The time to re-entrainment to the new photoperiod after the 6-h phase shift was calculated by manually counting the number of days until the animal’s activity onset was at the start of the new lights-on time and was analyzed using an independent t-test. Area under the curve (AUC) was calculated for each mouse for the GTT. Two-way ANOVAs were conducted to determine differences among the different groups, with Tukey HSD post-hoc pairwise comparisons, for food and water intake, weight gain, AUC for GTTs, activity patterns and insulin and lipid levels.

Results

Evaluation of the behavioral circadian rhythm of TH mice in DD

There were no significant changes in the average free-running period pre (23.72 ± 0.07 h) and post (23.75 ± 0.05 h) the onset of diabetes or the average wheel-turns per day (Pre = 27.46 ± 5.10 and Post = 22.76 ± 6.61) (both p > 0.10) (Supplemental Figure 1).
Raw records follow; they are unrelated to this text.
(* Let $f$ be an entire function of genus $1$ having only negative zeros and such that $f(0)>0$; denote its zeros, repeated according to multiplicity, by $-a_1,-a_2,\ldots$ with $0<a_1\leq a_2\leq\cdots$. Let $a>0$, $b>0$ and $c=a+b$. Then the function $$x\mapsto\log\frac{f(x+a)f(x+b)}{f(x)f(x+c)},\qquad x>0,$$ is a generalized Stieltjes function of order $2$, and its representing measure has density $\chi_{(0,a)}*\chi_{(0,b)}*\mu$ with respect to Lebesgue measure, where $\mu=\sum_{n}\epsilon_{a_n}$.
   Context: A generalized Stieltjes function of order $2$ is a function $F(x)=\int_0^\infty\frac{d\mu(t)}{(x+t)^2}+c$ on $(0,\infty)$ with $\mu$ a positive measure on $[0,\infty)$ (the representing measure) making the integral converge and $c\geq0$. $\chi_I$ is the indicator function of $I$, $\epsilon_s$ the point mass at $s$, and $*$ denotes convolution. *)

theory Defs
  imports "HOL-Analysis.Analysis"
begin

text \<open>Zeros of f are -r n for n in N, where N is either all of nat (infinitely
many zeros) or an initial segment {..<m} (finitely many zeros).\<close>

definition admissible_index :: "nat set \<Rightarrow> bool" where
  "admissible_index N \<longleftrightarrow> N = UNIV \<or> (\<exists>m. N = {..<m})"

text \<open>f is an entire function of genus 1 whose zeros (with multiplicity) are exactly
the points -r n, n in N, with 0 < r 0 <= r 1 <= ..., and f 0 > 0.  By the
definition of the genus via the Hadamard/Weierstrass factorization this means
f z = C exp(alpha z) prod (1 + z/r n) exp(-z/r n) with C = f 0 > 0,
sum 1/r_n^2 < infinity, and the genus is not 0, i.e. it is not the case that
sum 1/r_n < infinity and f z = C prod (1 + z/r n).\<close>

definition genus1_neg_zeros :: "(complex \<Rightarrow> complex) \<Rightarrow> (nat \<Rightarrow> real) \<Rightarrow> nat set \<Rightarrow> bool" where
  "genus1_neg_zeros f r N \<longleftrightarrow>
     admissible_index N \<and>
     f holomorphic_on UNIV \<and>
     (\<forall>n\<in>N. 0 < r n) \<and>
     (\<forall>m\<in>N. \<forall>n\<in>N. m \<le> n \<longrightarrow> r m \<le> r n) \<and>
     summable (\<lambda>n. if n \<in> N then 1 / (r n)^2 else 0) \<and>
     Re (f 0) > 0 \<and> Im (f 0) = 0 \<and>
     (\<exists>\<alpha>::complex.
        (\<forall>z. (\<lambda>n. if n \<in> N then (1 + z / of_real (r n)) * exp (- z / of_real (r n)) else 1)
               has_prod (f z / (f 0 * exp (\<alpha> * z)))) \<and>
        \<not> (summable (\<lambda>n. if n \<in> N then 1 / r n else 0) \<and>
           \<alpha> = of_real (\<Sum>n. if n \<in> N then 1 / r n else 0)))"

definition conv_fun :: "(real \<Rightarrow> real) \<Rightarrow> (real \<Rightarrow> real) \<Rightarrow> real \<Rightarrow> real" where
  "conv_fun \<phi> \<psi> t = (LINT s|lborel. \<phi> s * \<psi> (t - s))"

definition conv_pointmasses :: "(real \<Rightarrow> real) \<Rightarrow> (nat \<Rightarrow> real) \<Rightarrow> nat set \<Rightarrow> real \<Rightarrow> real" where
  "conv_pointmasses h r N t = (\<Sum>n. if n \<in> N then h (t - r n) else 0)"

definition gen_stieltjes2_density :: "(real \<Rightarrow> real) \<Rightarrow> (real \<Rightarrow> real) \<Rightarrow> bool" where
  "gen_stieltjes2_density F g \<longleftrightarrow>
     (\<forall>t\<ge>0. 0 \<le> g t) \<and> g \<in> borel_measurable lborel \<and>
     (\<exists>c\<ge>0. \<forall>x>0. set_integrable lborel {0..} (\<lambda>t. g t / (x + t)^2) \<and>
                    F x = (LINT t:{0..}|lborel. g t / (x + t)^2) + c)"

end

theory Submission
  imports Defs
begin

text \<open>In the Hadamard product of f the exponential factors cancel from the quotient,
because (x + a) + (x + b) = x + (x + c); hence its logarithm is the sum over n of L(x + a_n),
where L(y) = log((y + a)(y + b) / (y (y + c))).  The convolution h of the indicators of (0,a)
and (0,b) is the trapezoid s_+ - (s - a)_+ - (s - b)_+ + (s - c)_+, and integrating each ramp
against (y + s)^-2 with an explicit primitive gives L(y) = integral of h(s) / (y + s)^2 ds.
Translating by a_n and summing by monotone convergence yields the density h * mu; all series
converge by comparison with the sum of a_n^-2.\<close>

definition trapezoid :: "real \<Rightarrow> real \<Rightarrow> real \<Rightarrow> real" where
  "trapezoid a b s = max 0 s - max 0 (s - a) - max 0 (s - b) + max 0 (s - (a + b))"

lemma conv_fun_indicator_Ioo:
  assumes "a \<ge> 0" "b \<ge> 0"
  shows "conv_fun (indicator {0<..<a}) (indicator {0<..<b}) = trapezoid a b"
proof
  fix s
  have "(\<lambda>u. indicator {0<..<a} u * indicator {0<..<b} (s - u) :: real)
        = indicator {max 0 (s - b)<..<min a s}"
    by (rule ext) (auto simp: indicator_def)
  then have "conv_fun (indicator {0<..<a}) (indicator {0<..<b}) s
      = measure lborel {max 0 (s - b)<..<min a s}"
    by (simp add: conv_fun_def)
  also have "\<dots> = max 0 (min a s - max 0 (s - b))"
    by (cases "max 0 (s - b) \<le> min a s") auto
  also have "\<dots> = trapezoid a b s"
    using assms unfolding trapezoid_def by (simp add: max_def min_def)
  finally show "conv_fun (indicator {0<..<a}) (indicator {0<..<b}) s = trapezoid a b s" .
qed

lemma trapezoid_nonneg: "a \<ge> 0 \<Longrightarrow> b \<ge> 0 \<Longrightarrow> 0 \<le> trapezoid a b s"
  unfolding trapezoid_def by (simp add: max_def)

lemma trapezoid_le: "a \<ge> 0 \<Longrightarrow> b \<ge> 0 \<Longrightarrow> trapezoid a b s \<le> a"
  unfolding trapezoid_def by (simp add: max_def)

lemma trapezoid_eq_0: "a \<ge> 0 \<Longrightarrow> b \<ge> 0 \<Longrightarrow> s \<le> 0 \<or> a + b \<le> s \<Longrightarrow> trapezoid a b s = 0"
  unfolding trapezoid_def by (auto simp: max_def)

lemma borel_measurable_trapezoid [measurable]:
  "(\<lambda>t. trapezoid a b (f t)) \<in> borel_measurable M" if [measurable]: "f \<in> borel_measurable M"
  unfolding trapezoid_def by measurable

definition log_ratio :: "real \<Rightarrow> real \<Rightarrow> real \<Rightarrow> real" where
  "log_ratio a b y = ln (y + a) + ln (y + b) - ln y - ln (y + (a + b))"

lemma exp_log_ratio:
  assumes "y > 0" "a \<ge> 0" "b \<ge> 0"
  shows "exp (log_ratio a b y) = (y + a) * (y + b) / (y * (y + (a + b)))"
  using assms by (simp add: log_ratio_def exp_diff exp_add)

lemma log_ratio_bounds:
  assumes "y > 0" "a \<ge> 0" "b \<ge> 0"
  shows "0 \<le> log_ratio a b y" "log_ratio a b y \<le> a * b / y^2"
proof -
  have "y * (y + (a + b)) > 0"
    using assms by simp
  then have q: "(y + a) * (y + b) / (y * (y + (a + b))) = 1 + a * b / (y * (y + (a + b)))"
    by (simp add: field_simps)
  have "log_ratio a b y = ln (1 + a * b / (y * (y + (a + b))))"
    using arg_cong[OF exp_log_ratio[OF assms], of ln] unfolding q by simp
  moreover have "0 \<le> a * b / (y * (y + (a + b)))"
    using assms by simp
  moreover have "a * b / (y * (y + (a + b))) \<le> a * b / y^2"
    using assms by (intro divide_left_mono) (auto simp: power2_eq_square intro!: mult_left_mono)
  ultimately show "0 \<le> log_ratio a b y" "log_ratio a b y \<le> a * b / y^2"
    using ln_add_one_self_le_self by (auto intro: order_trans)
qed

lemma ramp_primitive_has_derivative:
  fixes y d t :: real
  assumes "y + d > 0" "y + t > 0" "t \<noteq> d"
  shows "((\<lambda>t. ln (y + max t d) + (y + d) / (y + max t d))
           has_real_derivative max 0 (t - d) / (y + t)^2) (at t)"
proof (cases "d < t")
  case True
  have "((\<lambda>t. ln (y + t) + (y + d) / (y + t))
          has_real_derivative 1 / (y + t) - (y + d) / (y + t)^2) (at t)"
    using assms(1,2)
    by (auto intro!: derivative_eq_intros simp: power2_eq_square) (simp add: minus_divide_left)
  also have "1 / (y + t) - (y + d) / (y + t)^2 = max 0 (t - d) / (y + t)^2"
    using assms(1,2) True by (simp add: divide_simps power2_eq_square)
  finally show ?thesis
    by (rule has_field_derivative_transform_within_open[where S = "{d<..}"]) (use True in auto)
next
  case False
  with assms have "t < d"
    by simp
  then have "((\<lambda>_. ln (y + d) + 1) has_real_derivative max 0 (t - d) / (y + t)^2) (at t)"
    by simp
  then show ?thesis
    by (rule has_field_derivative_transform_within_open[where S = "{..<d}"])
       (use \<open>t < d\<close> assms in auto)
qed

lemma trapezoid_moment_has_integral:
  assumes "y > 0" "a \<ge> 0" "b \<ge> 0"
  shows "((\<lambda>s. trapezoid a b s / (y + s)^2) has_integral log_ratio a b y) UNIV"
proof -
  define G where "G d t = ln (y + max t d) + (y + d) / (y + max t d)" for d t :: real
  define H where "H t = G 0 t - G a t - G b t + G (a + b) t" for t
  have "((\<lambda>s. trapezoid a b s / (y + s)^2) has_integral H (a + b) - H 0) {0..a + b}"
  proof (rule fundamental_theorem_of_calculus_interior_strong[where S = "{a, b}"])
    have "continuous_on {0..a + b} (G d)" if "d \<ge> 0" for d
    proof -
      have "y + max t d > 0" for t
        using assms that by linarith
      then show ?thesis
        unfolding G_def by (intro continuous_intros) (auto simp: less_imp_neq[symmetric])
    qed
    then show "continuous_on {0..a + b} H"
      unfolding H_def using assms by (intro continuous_intros) auto
  next
    fix t assume t: "t \<in> {0<..<a + b} - {a, b}"
    have "(H has_real_derivative max 0 (t - 0) / (y + t)^2 - max 0 (t - a) / (y + t)^2
            - max 0 (t - b) / (y + t)^2 + max 0 (t - (a + b)) / (y + t)^2) (at t)"
      unfolding H_def G_def using assms t
      by (intro derivative_intros ramp_primitive_has_derivative) auto
    then show "(H has_vector_derivative trapezoid a b t / (y + t)^2) (at t)"
      by (simp add: has_real_derivative_iff_has_vector_derivative trapezoid_def
          diff_divide_distrib add_divide_distrib)
  qed (use assms in auto)
  moreover have "H (a + b) - H 0 = log_ratio a b y"
  proof -
    have top: "G d (a + b) = ln (y + (a + b)) + (y + d) / (y + (a + b))" if "d \<le> a + b" for d
      using that by (simp add: G_def max_def)
    have bottom: "G d 0 = ln (y + d) + 1" if "d \<ge> 0" for d
      using that assms by (simp add: G_def max_def)
    have "y + (a + b) \<noteq> 0"
      using assms by linarith
    then have "H (a + b) = 0"
      using assms by (simp add: H_def top divide_simps) (simp add: algebra_simps)
    moreover have "H 0 = - log_ratio a b y"
      using assms by (simp add: H_def bottom log_ratio_def)
    ultimately show ?thesis
      by simp
  qed
  ultimately have "((\<lambda>s. trapezoid a b s / (y + s)^2) has_integral log_ratio a b y) {0..a + b}"
    by simp
  moreover have "trapezoid a b s / (y + s)^2 = 0" if "s \<notin> {0..a + b}" for s
  proof -
    from that have "s \<le> 0 \<or> a + b \<le> s"
      by auto
    then show ?thesis
      using assms by (simp add: trapezoid_eq_0)
  qed
  ultimately show ?thesis
    by (rule has_integral_on_superset) auto
qed

lemma nn_integral_trapezoid_shift:
  assumes "x + R > 0" "a \<ge> 0" "b \<ge> 0"
  shows "(\<integral>\<^sup>+ t. ennreal (trapezoid a b (t - R) / (x + t)^2) \<partial>lborel)
           = ennreal (log_ratio a b (x + R))"
proof -
  have "(\<integral>\<^sup>+ t. ennreal (trapezoid a b (t - R) / (x + t)^2) \<partial>lborel)
      = (\<integral>\<^sup>+ s. ennreal (trapezoid a b s / ((x + R) + s)^2) \<partial>lborel)"
    using nn_integral_real_affine[where c = 1 and t = R,
        of "\<lambda>t. ennreal (trapezoid a b (t - R) / (x + t)^2)"]
    by (simp add: add_ac)
  also have "\<dots> = ennreal (log_ratio a b (x + R))"
    using assms trapezoid_nonneg[OF assms(2,3)]
    by (intro nn_integral_has_integral_lborel trapezoid_moment_has_integral) auto
  finally show ?thesis .
qed

lemma summable_trapezoid_shifts:
  assumes "a \<ge> 0" "b \<ge> 0" "\<And>n. n \<in> N \<Longrightarrow> r n > 0"
    and "summable (\<lambda>n. if n \<in> N then 1 / (r n)^2 else 0)"
  shows "summable (\<lambda>n. if n \<in> N then trapezoid a b (t - r n) else 0)"
proof (rule summable_comparison_test')
  show "summable (\<lambda>n. a * t^2 * (if n \<in> N then 1 / (r n)^2 else 0))"
    using assms(4) by (rule summable_mult)
  have "trapezoid a b (t - R) \<le> a * t^2 * (1 / R^2)" if "R > 0" for R
  proof (cases "R < t")
    case True
    with that have "R^2 \<le> t^2"
      by (intro power_mono) auto
    with that have "1 \<le> t^2 / R^2"
      by simp
    then have "a * 1 \<le> a * (t^2 / R^2)"
      using assms(1) by (intro mult_left_mono)
    then show ?thesis
      using trapezoid_le[OF assms(1,2), of "t - R"] by simp
  next
    case False
    then show ?thesis
      using assms(1) trapezoid_eq_0[OF assms(1,2), of "t - R"] by simp
  qed
  then show "norm (if n \<in> N then trapezoid a b (t - r n) else 0)
               \<le> a * t^2 * (if n \<in> N then 1 / (r n)^2 else 0)" for n
    using assms(3)[of n] trapezoid_nonneg[OF assms(1,2)] by auto
qed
TH mice are able to successfully entrain to an LD cycle and show a robust free-running rhythm in DD and have circadian periods comparable to other mouse strains.

Locomotor activity under LD and 6 h phase-advancing conditions

TH mice exhibited stable entrainment under an LD cycle and were able to resynchronize to a shifted LD cycle within a few days, in either wheel or non-wheel housing conditions (Supplemental Figure 2). The means and SEM of all of the activity parameters analyzed are summarized in Table 1. While no differences were found for the bout analysis between mice in LD or shifted conditions, TH mice supplied with a wheel had overall increased locomotor activity (F1,23 = 29.66, p < 0.001). The bout analysis revealed that the increased activity was due to increased counts per bout (F1,23 = 26.45, p < 0.001), not due to increased length of time per bout (F1,23 = 3.19, p < 0.087; all p > 0.10). Additionally, TH without a wheel exhibited increased number of bouts per day (F1,23 = 11.95, p = 0.002). In summary, mice without running-wheels had similar amounts of time being active (bout length), but exhibited reduced levels of locomotor activity (counts per bout) compared to animals provided with a wheel.

Table 1.

Activity profile and bout analysis (mean ± SEM) for all housing and lighting conditions for each genotype.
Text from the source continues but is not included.